Signed-Prompt: A New Approach to Prevent Prompt Injection Attacks Against LLM-Integrated Applications
This addresses security threats for AI applications using LLMs, representing a novel method for a known bottleneck rather than an incremental improvement.
The paper tackled prompt injection attacks in LLM-integrated applications by introducing the Signed-Prompt method, which involves signing sensitive instructions to enable LLMs to discern trusted sources, and experiments showed substantial resistance to various attack types.

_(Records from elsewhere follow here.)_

definition psimplex :: "'a set \<Rightarrow> ('a \<Rightarrow> real) set" where
  "psimplex A = {\<mu>. (\<forall>a\<in>A. 0 \<le> \<mu> a) \<and> (\<forall>a. a \<notin> A \<longrightarrow> \<mu> a = 0) \<and> (\<Sum>a\<in>A. \<mu> a) = 1}"

text \<open>Entropy H(mu) = - sum mu(a) log mu(a) (natural log; 0 log 0 = 0 since ln 0 = 0 in HOL).\<close>
definition entropy :: "'a set \<Rightarrow> ('a \<Rightarrow> real) \<Rightarrow> real" where
  "entropy A \<mu> = - (\<Sum>a\<in>A. \<mu> a * ln (\<mu> a))"

definition bilin :: "'a set \<Rightarrow> 'b set \<Rightarrow> ('a \<Rightarrow> 'b \<Rightarrow> real) \<Rightarrow> ('a \<Rightarrow> real) \<Rightarrow> ('b \<Rightarrow> real) \<Rightarrow> real" where
  "bilin A B R \<mu> \<nu> = (\<Sum>a\<in>A. \<Sum>b\<in>B. \<mu> a * R a b * \<nu> b)"

definition val :: "'a set \<Rightarrow> 'b set \<Rightarrow> ('a \<Rightarrow> 'b \<Rightarrow> real) \<Rightarrow> real" where
  "val A B R = (SUP \<mu>\<in>psimplex A. INF \<nu>\<in>psimplex B. bilin A B R \<mu> \<nu>)"

definition rval :: "real \<Rightarrow> real \<Rightarrow> 'a set \<Rightarrow> 'b set \<Rightarrow> ('a \<Rightarrow> 'b \<Rightarrow> real) \<Rightarrow> real" where
  "rval ti tj A B R = (SUP \<mu>\<in>psimplex A. INF \<nu>\<in>psimplex B.
      bilin A B R \<mu> \<nu> + ti * entropy A \<mu> - tj * entropy B \<nu>)"

end

theory Submission
  imports Defs
begin

text \<open>
  In the sum of the two games the payoff is the matrix \<open>R\<^sup>1 + (R\<^sup>2)\<^sup>T\<close> and the entropy
  terms cancel; a pair of mixed strategies averages the entries of this matrix, so the sum
  lies between its extreme entries. For the upper bound it suffices to combine
  near-optimal maxmin strategies of both players. The lower bound needs near-optimal
  minmax strategies; they exist because the regularized payoff is continuous and
  concave-convex on compact convex simplices, so Sion's minimax theorem applies; by
  compactness and induction it reduces to Komiya's two-point lemma, a connectedness
  argument along a segment. Finally \<open>0 \<le> H \<le> log |A|\<close>, so the regularized payoff differs
  pointwise from the plain one by at most \<open>\<tau>\<^sup>i log |A\<^sup>i|\<close> upwards and
  \<open>\<tau>\<^sup>j log |A\<^sup>j|\<close> downwards, and the maxmin value inherits these bounds.
\<close>

section \<open>Sion's minimax theorem\<close>

text \<open>Function spaces \<open>'c \<Rightarrow> real\<close> carry no \<open>real_vector\<close> instance, so convexity of
  strategy sets is expressed through explicit mixtures.\<close>

definition mix :: "('c \<Rightarrow> real) \<Rightarrow> ('c \<Rightarrow> real) \<Rightarrow> real \<Rightarrow> 'c \<Rightarrow> real" where
  "mix p q s = (\<lambda>c. (1 - s) * p c + s * q c)"

definition mix_convex :: "('c \<Rightarrow> real) set \<Rightarrow> bool" where
  "mix_convex S \<longleftrightarrow> (\<forall>p\<in>S. \<forall>q\<in>S. \<forall>s\<in>{0..1}. mix p q s \<in> S)"

definition sion_conditions ::
    "('x \<Rightarrow> real) set \<Rightarrow> ('y \<Rightarrow> real) set \<Rightarrow> (('x \<Rightarrow> real) \<Rightarrow> ('y \<Rightarrow> real) \<Rightarrow> real) \<Rightarrow> bool" where
  "sion_conditions X Y f \<longleftrightarrow> compact X \<and> mix_convex X \<and> mix_convex Y \<and>
    (\<forall>y\<in>Y. continuous_on X (\<lambda>x. f x y)) \<and> (\<forall>x\<in>X. continuous_on Y (\<lambda>y. f x y)) \<and>
    (\<forall>y\<in>Y. \<forall>p\<in>X. \<forall>q\<in>X. \<forall>s\<in>{0..1}. f (mix p q s) y \<le> max (f p y) (f q y)) \<and>
    (\<forall>x\<in>X. \<forall>p\<in>Y. \<forall>q\<in>Y. \<forall>s\<in>{0..1}. min (f x p) (f x q) \<le> f x (mix p q s))"

lemma mix_0 [simp]: "mix p q 0 = p" and mix_1 [simp]: "mix p q 1 = q"
  by (auto simp: mix_def)

lemma continuous_on_mix_comp:
  assumes "mix_convex S" "p \<in> S" "q \<in> S" "continuous_on S h"
  shows "continuous_on {0..1} (\<lambda>s. h (mix p q s))"
proof -
  have "continuous_on {0..1} (mix p q)"
    unfolding mix_def by (intro continuous_on_coordinatewise_then_product continuous_intros)
  moreover have "mix p q ` {0..1} \<subseteq> S"
    using assms(1-3) unfolding mix_convex_def by auto
  ultimately show ?thesis
    using continuous_on_compose2[OF assms(4)] by blast
qed

lemma sion_conditions_sublevel:
  assumes sion: "sion_conditions X Y f" and y: "y \<in> Y"
  shows "sion_conditions {x\<in>X. f x y \<le> c} Y f"
proof -
  have "closedin (top_of_set X) (X \<inter> (\<lambda>x. f x y) -` {..c})"
    using sion y by (intro continuous_closedin_preimage) (auto simp: sion_conditions_def)
  moreover have "X \<inter> (\<lambda>x. f x y) -` {..c} = {x\<in>X. f x y \<le> c}"
    by auto
  ultimately have "compact {x\<in>X. f x y \<le> c}"
    using sion closedin_compact unfolding sion_conditions_def by metis
  moreover have "mix_convex {x\<in>X. f x y \<le> c}"
    unfolding mix_convex_def
  proof (intro ballI)
    fix p q s assume "p \<in> {x\<in>X. f x y \<le> c}" "q \<in> {x\<in>X. f x y \<le> c}" "s \<in> {0..1::real}"
    moreover have "f (mix p q s) y \<le> max (f p y) (f q y)" "mix p q s \<in> X"
      using sion y calculation unfolding sion_conditions_def mix_convex_def by blast+
    ultimately show "mix p q s \<in> {x\<in>X. f x y \<le> c}" by auto
  qed
  ultimately show ?thesis
    using sion unfolding sion_conditions_def by (auto intro: continuous_on_subset)
qed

The critical challenge of prompt injection attacks in Large Language Models (LLMs) integrated applications, a growing concern in the Artificial Intelligence (AI) field. Such attacks, which manipulate LLMs through natural language inputs, pose a significant threat to the security of these applications. Traditional defense strategies, including output and input filtering, as well as delimiter use, have proven inadequate. This paper introduces the 'Signed-Prompt' method as a novel solution. The study involves signing sensitive instructions within command segments by authorized users, enabling the LLM to discern trusted instruction sources. The paper presents a comprehensive analysis of prompt injection attack patterns, followed by a detailed explanation of the Signed-Prompt concept, including its basic architecture and implementation through both prompt engineering and fine-tuning of LLMs. Experiments demonstrate the effectiveness of the Signed-Prompt method, showing substantial resistance to various types of prompt injection attacks, thus validating its potential as a robust defense strategy in AI security.